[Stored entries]
++++++++++++++++++++
(* Let $d\ge1$ be an integer, $0<\lambda<1$, and define $v^*_0=1$ and $v^*_k=1-\sqrt[d]{1-\lambda v^*_{k-1}}$ for $k=1,2,\dots$. Then $v^*_k=\Theta((\lambda/d)^k)$ as $k\to\infty$, i.e. there exist constants $0<c\le C<\infty$ such that $c(\lambda/d)^k\le v^*_k\le C(\lambda/d)^k$ for all sufficiently large $k$. *)

theory Defs
  imports "HOL-Analysis.Analysis"
begin

fun vstar :: "nat \<Rightarrow> real \<Rightarrow> nat \<Rightarrow> real" where
  "vstar d lam 0 = 1"
| "vstar d lam (Suc k) = 1 - root d (1 - lam * vstar d lam k)"

end

theory Submission
  imports Defs
begin

text \<open>Write \<open>f y = 1 - root d (1 - y)\<close>, so that \<open>vstar (k + 1) = f (lam * vstar k)\<close>.
  Bernoulli's inequality gives \<open>f y \<ge> y / d\<close>, which yields the lower bound \<open>(lam/d)^k\<close> directly.
  Conversely, factoring \<open>1 - a^d\<close> with \<open>a = root d (1 - y)\<close> gives \<open>f y \<le> y / (d (1 - y))\<close>;
  since \<open>vstar k \<le> lam^k\<close>, each step loses at most a factor \<open>1/(1 - lam^(k+1))\<close> against
  \<open>lam/d\<close>, and \<open>\<Prod>j\<ge>1. 1/(1 - lam^j) \<le> exp (lam / (1 - lam)\<^sup>2)\<close>.\<close>

lemma of_nat_mult_power_le_sum_power:
  fixes a :: "'a::linordered_semidom"
  assumes "0 \<le> a" "a \<le> 1"
  shows "of_nat n * a ^ n \<le> (\<Sum>i<n. a ^ i)"
  using sum_bounded_below[of "{..<n}" "a ^ n" "\<lambda>i. a ^ i"] power_decreasing[OF _ assms]
  by simp

lemma one_minus_root_ge:
  assumes "d \<ge> 1" "0 \<le> y" "y \<le> 1"
  shows "y / real d \<le> 1 - root d (1 - y)"
proof -
  have y_div: "y / real d \<le> 1"
    using assms by (simp add: divide_le_eq)
  have "1 - y \<le> (1 - y / real d) ^ d"
    using Bernoulli_inequality[of "- (y / real d)" d] y_div assms by simp
  then have "root d (1 - y) \<le> root d ((1 - y / real d) ^ d)"
    using assms by simp
  also have "\<dots> = 1 - y / real d"
    using y_div assms by (intro real_root_power_cancel) auto
  finally show ?thesis by simp
qed

lemma one_minus_root_le:
  assumes "d \<ge> 1" "0 \<le> y" "y < 1"
  shows "1 - root d (1 - y) \<le> y / (real d * (1 - y))"
proof -
  define a where "a = root d (1 - y)"
  have a: "0 \<le> a" "a \<le> 1" "a ^ d = 1 - y"
    using assms by (auto simp: a_def real_root_ge_zero)
  have "(1 - a) * (real d * (1 - y)) = (1 - a) * (real d * a ^ d)"
    using a by simp
  also have "\<dots> \<le> (1 - a) * (\<Sum>i<d. a ^ i)"
    using a by (intro mult_left_mono of_nat_mult_power_le_sum_power) auto
  also have "\<dots> = y"
    using a by (simp add: one_diff_power_eq[symmetric])
  finally show ?thesis
    using assms by (simp add: a_def pos_le_divide_eq)
qed

lemma one_minus_root_bounds:
  assumes "d \<ge> 1" "0 \<le> y" "y \<le> 1"
  shows "0 \<le> 1 - root d (1 - y)" "1 - root d (1 - y) \<le> y"
proof -
  have "1 - y \<le> root d (1 - y)"
    using assms real_root_pow_pos2[of d "1 - y"]
      power_decreasing[of 1 d "root d (1 - y)"] by (simp add: real_root_ge_zero)
  then show "1 - root d (1 - y) \<le> y" by simp
  show "0 \<le> 1 - root d (1 - y)"
    using assms by simp
qed

lemma inverse_one_minus_le_exp:
  fixes t :: real
  assumes "0 \<le> t" "t \<le> s" "s < 1"
  shows "1 / (1 - t) \<le> exp (t / (1 - s))"
proof -
  have "1 / (1 - t) = 1 + t / (1 - t)"
    using assms by (simp add: field_simps)
  also have "\<dots> \<le> exp (t / (1 - t))"
    by (rule exp_ge_add_one_self)
  also have "\<dots> \<le> exp (t / (1 - s))"
    using assms by (simp add: frac_le)
  finally show ?thesis .
qed

context
  fixes d :: nat and lam :: real
  assumes d: "d \<ge> 1" and lam: "0 < lam" "lam < 1"
begin

lemma vstar_nonneg_le_power: "0 \<le> vstar d lam k \<and> vstar d lam k \<le> lam ^ k"
proof (induction k)
  case (Suc k)
  let ?y = "lam * vstar d lam k"
  have "0 \<le> ?y" "?y \<le> lam ^ Suc k"
    using Suc lam by auto
  moreover have "lam ^ Suc k \<le> 1"
    using lam by (intro power_le_one) auto
  ultimately have "0 \<le> 1 - root d (1 - ?y)" "1 - root d (1 - ?y) \<le> lam ^ Suc k"
    using one_minus_root_bounds[OF d, of ?y] by auto
  then show ?case
    by simp
qed simp

lemma lam_mult_vstar_bounds:
  "0 \<le> lam * vstar d lam k" "lam * vstar d lam k \<le> lam ^ Suc k" "lam ^ Suc k \<le> lam"
proof -
  show "0 \<le> lam * vstar d lam k" "lam * vstar d lam k \<le> lam ^ Suc k"
    using vstar_nonneg_le_power[of k] lam by auto
  show "lam ^ Suc k \<le> lam"
    using lam by (simp add: mult_left_le_one_le power_le_one)
qed

lemma vstar_lower: "(lam / real d) ^ k \<le> vstar d lam k"
proof (induction k)
  case (Suc k)
  have "(lam / real d) ^ Suc k \<le> lam * vstar d lam k / real d"
    using Suc lam by (simp add: divide_right_mono)
  also have "\<dots> \<le> vstar d lam (Suc k)"
    using one_minus_root_ge[OF d, of "lam * vstar d lam k"] lam_mult_vstar_bounds[of k] lam
    by simp
  finally show ?case .
qed simp

lemma vstar_Suc_le: "vstar d lam (Suc k) \<le> lam / real d * vstar d lam k * exp (lam ^ Suc k / (1 - lam))"
proof -
  let ?v = "vstar d lam k"
  note v = lam_mult_vstar_bounds[of k]
  have pow_lt: "lam ^ Suc k < 1"
    using v(3) lam by linarith
  have v_lt: "lam * ?v < 1"
    using v(2) pow_lt by linarith
  have "vstar d lam (Suc k) \<le> lam * ?v / (real d * (1 - lam * ?v))"
    using one_minus_root_le[OF d v(1) v_lt] by simp
  also have "\<dots> = lam / real d * ?v * (1 / (1 - lam * ?v))"
    by simp
  also have "\<dots> \<le> lam / real d * ?v * exp (lam ^ Suc k / (1 - lam))"
  proof (intro mult_left_mono)
    have "1 / (1 - lam * ?v) \<le> 1 / (1 - lam ^ Suc k)"
      using v v_lt pow_lt by (intro frac_le) auto
    also have "\<dots> \<le> exp (lam ^ Suc k / (1 - lam))"
      using v lam by (intro inverse_one_minus_le_exp) auto
    finally show "1 / (1 - lam * ?v) \<le> exp (lam ^ Suc k / (1 - lam))" .
  qed (use v lam in auto)
  finally show ?thesis .
qed

lemma vstar_upper: "vstar d lam k \<le> (lam / real d) ^ k * exp (lam * (1 - lam ^ k) / (1 - lam)\<^sup>2)"
proof (induction k)
  case (Suc k)
  have exponent: "lam * (1 - lam ^ k) / (1 - lam)\<^sup>2 + lam ^ Suc k / (1 - lam)
      = lam * (1 - lam ^ Suc k) / (1 - lam)\<^sup>2"
    using lam by (simp add: divide_simps) (simp add: algebra_simps power2_eq_square)
  have "vstar d lam (Suc k) \<le> lam / real d * vstar d lam k * exp (lam ^ Suc k / (1 - lam))"
    by (rule vstar_Suc_le)
  also have "\<dots> \<le> lam / real d * ((lam / real d) ^ k * exp (lam * (1 - lam ^ k) / (1 - lam)\<^sup>2))
      * exp (lam ^ Suc k / (1 - lam))"
    using Suc lam by (intro mult_right_mono mult_left_mono) auto
  also have "\<dots> = (lam / real d) ^ Suc k * exp (lam * (1 - lam ^ Suc k) / (1 - lam)\<^sup>2)"
    unfolding exponent[symmetric] exp_add by (simp add: ac_simps)
  finally show ?case .
qed simp

lemma vstar_le_const_mult: "vstar d lam k \<le> exp (lam / (1 - lam)\<^sup>2) * (lam / real d) ^ k"
proof -
  have "lam * (1 - lam ^ k) / (1 - lam)\<^sup>2 \<le> lam / (1 - lam)\<^sup>2"
    using lam by (intro divide_right_mono) (auto simp: mult_le_cancel_left1)
  then have "(lam / real d) ^ k * exp (lam * (1 - lam ^ k) / (1 - lam)\<^sup>2)
      \<le> (lam / real d) ^ k * exp (lam / (1 - lam)\<^sup>2)"
    using lam by (intro mult_left_mono) auto
  then show ?thesis
    using vstar_upper[of k] by (simp add: mult.commute)
qed

end

theorem theorem3p3:
  fixes d :: nat and lam :: real
  assumes "d \<ge> 1" and "0 < lam" and "lam < 1"
  shows "\<exists>c C. 0 < c \<and> c \<le> C \<and>
           (\<forall>\<^sub>F k in sequentially.
              c * (lam / real d) ^ k \<le> vstar d lam k \<and>
              vstar d lam k \<le> C * (lam / real d) ^ k)"
proof (intro exI conjI always_eventually allI)
  show "(0::real) < 1" "1 \<le> exp (lam / (1 - lam)\<^sup>2)"
    using assms by auto
  fix k
  show "1 * (lam / real d) ^ k \<le> vstar d lam k"
    using vstar_lower[OF assms] by simp
  show "vstar d lam k \<le> exp (lam / (1 - lam)\<^sup>2) * (lam / real d) ^ k"
    by (rule vstar_le_const_mult[OF assms])
qed

end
++++++++++++++++++++
# YOUR OBJECTIVE
Return, word for word, the line containing "using assms by auto" and all lines after it through the last line of the records, and nothing else.

# EXERCISE OUTPUT
    using assms by auto
  fix k
  show "1 * (lam / real d) ^ k \<le> vstar d lam k"
    using vstar_lower[OF assms] by simp
  show "vstar d lam k \<le> exp (lam / (1 - lam)\<^sup>2) * (lam / real d) ^ k"
    by (rule vstar_le_const_mult[OF assms])
qed

end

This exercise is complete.